REQUIRED WORK — Copy word for word, please, the lines of the entries below running from the one containing "then show ?thesis using w(3)" to the one containing "IH L by simp", both ends included.

RECORDS —
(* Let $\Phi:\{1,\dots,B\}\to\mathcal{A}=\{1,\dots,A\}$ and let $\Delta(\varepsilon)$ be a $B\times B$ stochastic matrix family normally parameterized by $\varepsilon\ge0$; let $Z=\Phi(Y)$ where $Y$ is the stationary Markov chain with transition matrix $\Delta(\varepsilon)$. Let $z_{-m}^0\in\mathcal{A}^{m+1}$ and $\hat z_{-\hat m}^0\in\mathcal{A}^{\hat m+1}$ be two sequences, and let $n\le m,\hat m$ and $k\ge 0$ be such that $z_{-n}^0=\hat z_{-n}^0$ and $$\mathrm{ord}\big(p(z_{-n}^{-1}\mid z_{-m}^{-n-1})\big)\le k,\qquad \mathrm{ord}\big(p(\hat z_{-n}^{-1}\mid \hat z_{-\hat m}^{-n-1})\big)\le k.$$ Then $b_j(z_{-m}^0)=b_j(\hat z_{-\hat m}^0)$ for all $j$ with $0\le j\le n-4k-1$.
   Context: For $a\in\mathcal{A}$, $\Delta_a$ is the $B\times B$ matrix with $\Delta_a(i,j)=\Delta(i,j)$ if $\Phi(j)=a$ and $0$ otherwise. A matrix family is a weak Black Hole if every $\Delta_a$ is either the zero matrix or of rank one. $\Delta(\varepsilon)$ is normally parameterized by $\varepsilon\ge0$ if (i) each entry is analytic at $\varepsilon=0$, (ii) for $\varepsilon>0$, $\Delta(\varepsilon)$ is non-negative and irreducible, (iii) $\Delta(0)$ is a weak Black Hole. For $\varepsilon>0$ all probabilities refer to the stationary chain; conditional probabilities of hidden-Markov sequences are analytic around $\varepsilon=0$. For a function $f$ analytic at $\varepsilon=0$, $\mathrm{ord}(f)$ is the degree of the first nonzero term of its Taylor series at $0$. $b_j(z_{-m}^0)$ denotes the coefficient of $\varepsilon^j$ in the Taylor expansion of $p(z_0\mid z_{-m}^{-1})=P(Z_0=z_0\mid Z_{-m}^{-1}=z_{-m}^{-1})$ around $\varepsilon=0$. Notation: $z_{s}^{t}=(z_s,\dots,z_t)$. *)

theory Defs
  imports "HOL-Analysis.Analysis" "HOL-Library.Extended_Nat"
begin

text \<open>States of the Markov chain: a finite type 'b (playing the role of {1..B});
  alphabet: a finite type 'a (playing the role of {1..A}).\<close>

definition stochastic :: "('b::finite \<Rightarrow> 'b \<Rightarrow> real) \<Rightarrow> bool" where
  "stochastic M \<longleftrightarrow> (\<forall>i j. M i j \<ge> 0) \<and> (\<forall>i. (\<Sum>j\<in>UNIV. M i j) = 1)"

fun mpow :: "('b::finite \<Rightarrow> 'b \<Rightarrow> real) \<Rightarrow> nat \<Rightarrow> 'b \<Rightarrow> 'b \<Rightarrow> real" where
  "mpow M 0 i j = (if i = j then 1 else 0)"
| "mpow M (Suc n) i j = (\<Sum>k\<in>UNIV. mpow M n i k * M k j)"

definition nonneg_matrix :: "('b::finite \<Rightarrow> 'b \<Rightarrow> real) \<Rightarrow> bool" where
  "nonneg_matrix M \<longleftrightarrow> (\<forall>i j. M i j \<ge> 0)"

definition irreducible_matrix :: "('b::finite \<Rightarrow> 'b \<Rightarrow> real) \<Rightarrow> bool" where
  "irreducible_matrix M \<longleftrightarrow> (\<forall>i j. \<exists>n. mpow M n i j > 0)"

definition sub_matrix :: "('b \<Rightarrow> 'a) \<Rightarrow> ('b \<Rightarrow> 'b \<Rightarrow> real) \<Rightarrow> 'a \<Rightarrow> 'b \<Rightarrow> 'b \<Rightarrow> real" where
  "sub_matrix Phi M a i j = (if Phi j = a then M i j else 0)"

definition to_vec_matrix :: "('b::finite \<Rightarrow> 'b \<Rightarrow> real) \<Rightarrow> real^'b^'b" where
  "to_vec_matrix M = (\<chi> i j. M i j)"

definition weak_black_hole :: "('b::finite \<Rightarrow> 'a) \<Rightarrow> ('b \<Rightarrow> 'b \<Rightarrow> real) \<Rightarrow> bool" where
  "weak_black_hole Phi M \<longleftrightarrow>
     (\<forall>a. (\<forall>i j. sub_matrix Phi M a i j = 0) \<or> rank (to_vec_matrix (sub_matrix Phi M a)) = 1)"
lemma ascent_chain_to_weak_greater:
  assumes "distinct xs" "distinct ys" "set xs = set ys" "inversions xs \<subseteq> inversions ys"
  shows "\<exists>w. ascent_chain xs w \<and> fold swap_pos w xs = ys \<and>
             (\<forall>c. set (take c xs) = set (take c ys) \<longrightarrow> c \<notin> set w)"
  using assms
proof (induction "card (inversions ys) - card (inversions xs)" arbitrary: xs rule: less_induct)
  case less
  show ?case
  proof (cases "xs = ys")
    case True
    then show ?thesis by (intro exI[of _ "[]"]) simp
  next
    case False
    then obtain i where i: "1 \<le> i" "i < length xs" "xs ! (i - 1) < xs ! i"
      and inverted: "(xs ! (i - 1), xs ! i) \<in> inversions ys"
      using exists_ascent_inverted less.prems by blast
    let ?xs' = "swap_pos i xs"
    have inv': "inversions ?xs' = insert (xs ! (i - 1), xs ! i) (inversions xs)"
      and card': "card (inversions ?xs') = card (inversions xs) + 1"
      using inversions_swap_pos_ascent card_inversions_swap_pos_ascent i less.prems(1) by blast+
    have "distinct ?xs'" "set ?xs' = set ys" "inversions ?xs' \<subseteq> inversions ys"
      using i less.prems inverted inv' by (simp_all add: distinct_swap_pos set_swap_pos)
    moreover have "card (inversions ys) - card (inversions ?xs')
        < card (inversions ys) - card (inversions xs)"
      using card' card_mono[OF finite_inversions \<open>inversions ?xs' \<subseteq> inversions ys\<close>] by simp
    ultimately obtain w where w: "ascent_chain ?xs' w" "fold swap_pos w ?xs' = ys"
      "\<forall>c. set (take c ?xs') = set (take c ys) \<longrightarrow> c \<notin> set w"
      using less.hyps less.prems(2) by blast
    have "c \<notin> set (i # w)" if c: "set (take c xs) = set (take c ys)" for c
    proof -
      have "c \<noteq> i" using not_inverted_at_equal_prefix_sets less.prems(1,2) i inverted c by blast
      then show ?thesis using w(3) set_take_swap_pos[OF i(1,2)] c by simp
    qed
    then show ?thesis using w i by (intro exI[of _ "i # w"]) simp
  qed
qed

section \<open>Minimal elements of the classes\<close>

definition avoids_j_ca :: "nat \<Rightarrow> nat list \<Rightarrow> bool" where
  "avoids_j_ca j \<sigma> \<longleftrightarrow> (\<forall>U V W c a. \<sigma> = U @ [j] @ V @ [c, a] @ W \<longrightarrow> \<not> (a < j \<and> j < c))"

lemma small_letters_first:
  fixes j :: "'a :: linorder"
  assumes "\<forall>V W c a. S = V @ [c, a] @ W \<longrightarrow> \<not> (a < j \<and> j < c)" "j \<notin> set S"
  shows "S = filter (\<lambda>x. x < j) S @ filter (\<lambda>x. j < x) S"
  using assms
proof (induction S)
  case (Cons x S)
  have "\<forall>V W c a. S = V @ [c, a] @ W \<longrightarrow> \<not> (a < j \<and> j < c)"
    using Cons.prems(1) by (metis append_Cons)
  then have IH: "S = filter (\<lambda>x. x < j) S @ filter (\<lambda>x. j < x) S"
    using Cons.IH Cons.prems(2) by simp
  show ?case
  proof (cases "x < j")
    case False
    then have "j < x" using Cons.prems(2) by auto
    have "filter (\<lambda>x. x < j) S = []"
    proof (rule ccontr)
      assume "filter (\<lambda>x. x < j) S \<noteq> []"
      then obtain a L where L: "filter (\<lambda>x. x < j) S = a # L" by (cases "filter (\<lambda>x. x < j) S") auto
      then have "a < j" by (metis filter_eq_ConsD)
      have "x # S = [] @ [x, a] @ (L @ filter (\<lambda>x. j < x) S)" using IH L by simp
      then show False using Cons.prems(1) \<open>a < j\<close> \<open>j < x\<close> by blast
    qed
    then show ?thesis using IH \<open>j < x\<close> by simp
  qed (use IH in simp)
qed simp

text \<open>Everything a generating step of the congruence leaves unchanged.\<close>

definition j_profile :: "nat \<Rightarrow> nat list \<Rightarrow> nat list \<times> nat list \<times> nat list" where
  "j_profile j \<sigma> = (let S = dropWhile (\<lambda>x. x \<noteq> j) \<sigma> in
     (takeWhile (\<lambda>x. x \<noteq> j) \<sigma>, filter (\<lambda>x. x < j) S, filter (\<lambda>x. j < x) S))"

TASK RESPONSE —
      then show ?thesis using w(3) set_take_swap_pos[OF i(1,2)] c by simp
    qed
    then show ?thesis using w i by (intro exI[of _ "i # w"]) simp
  qed
qed

section \<open>Minimal elements of the classes\<close>

definition avoids_j_ca :: "nat \<Rightarrow> nat list \<Rightarrow> bool" where
  "avoids_j_ca j \<sigma> \<longleftrightarrow> (\<forall>U V W c a. \<sigma> = U @ [j] @ V @ [c, a] @ W \<longrightarrow> \<not> (a < j \<and> j < c))"

lemma small_letters_first:
  fixes j :: "'a :: linorder"
  assumes "\<forall>V W c a. S = V @ [c, a] @ W \<longrightarrow> \<not> (a < j \<and> j < c)" "j \<notin> set S"
  shows "S = filter (\<lambda>x. x < j) S @ filter (\<lambda>x. j < x) S"
  using assms
proof (induction S)
  case (Cons x S)
  have "\<forall>V W c a. S = V @ [c, a] @ W \<longrightarrow> \<not> (a < j \<and> j < c)"
    using Cons.prems(1) by (metis append_Cons)
  then have IH: "S = filter (\<lambda>x. x < j) S @ filter (\<lambda>x. j < x) S"
    using Cons.IH Cons.prems(2) by simp
  show ?case
  proof (cases "x < j")
    case False
    then have "j < x" using Cons.prems(2) by auto
    have "filter (\<lambda>x. x < j) S = []"
    proof (rule ccontr)
      assume "filter (\<lambda>x. x < j) S \<noteq> []"
      then obtain a L where L: "filter (\<lambda>x. x < j) S = a # L" by (cases "filter (\<lambda>x. x < j) S") auto
      then have "a < j" by (metis filter_eq_ConsD)
      have "x # S = [] @ [x, a] @ (L @ filter (\<lambda>x. j < x) S)" using IH L by simp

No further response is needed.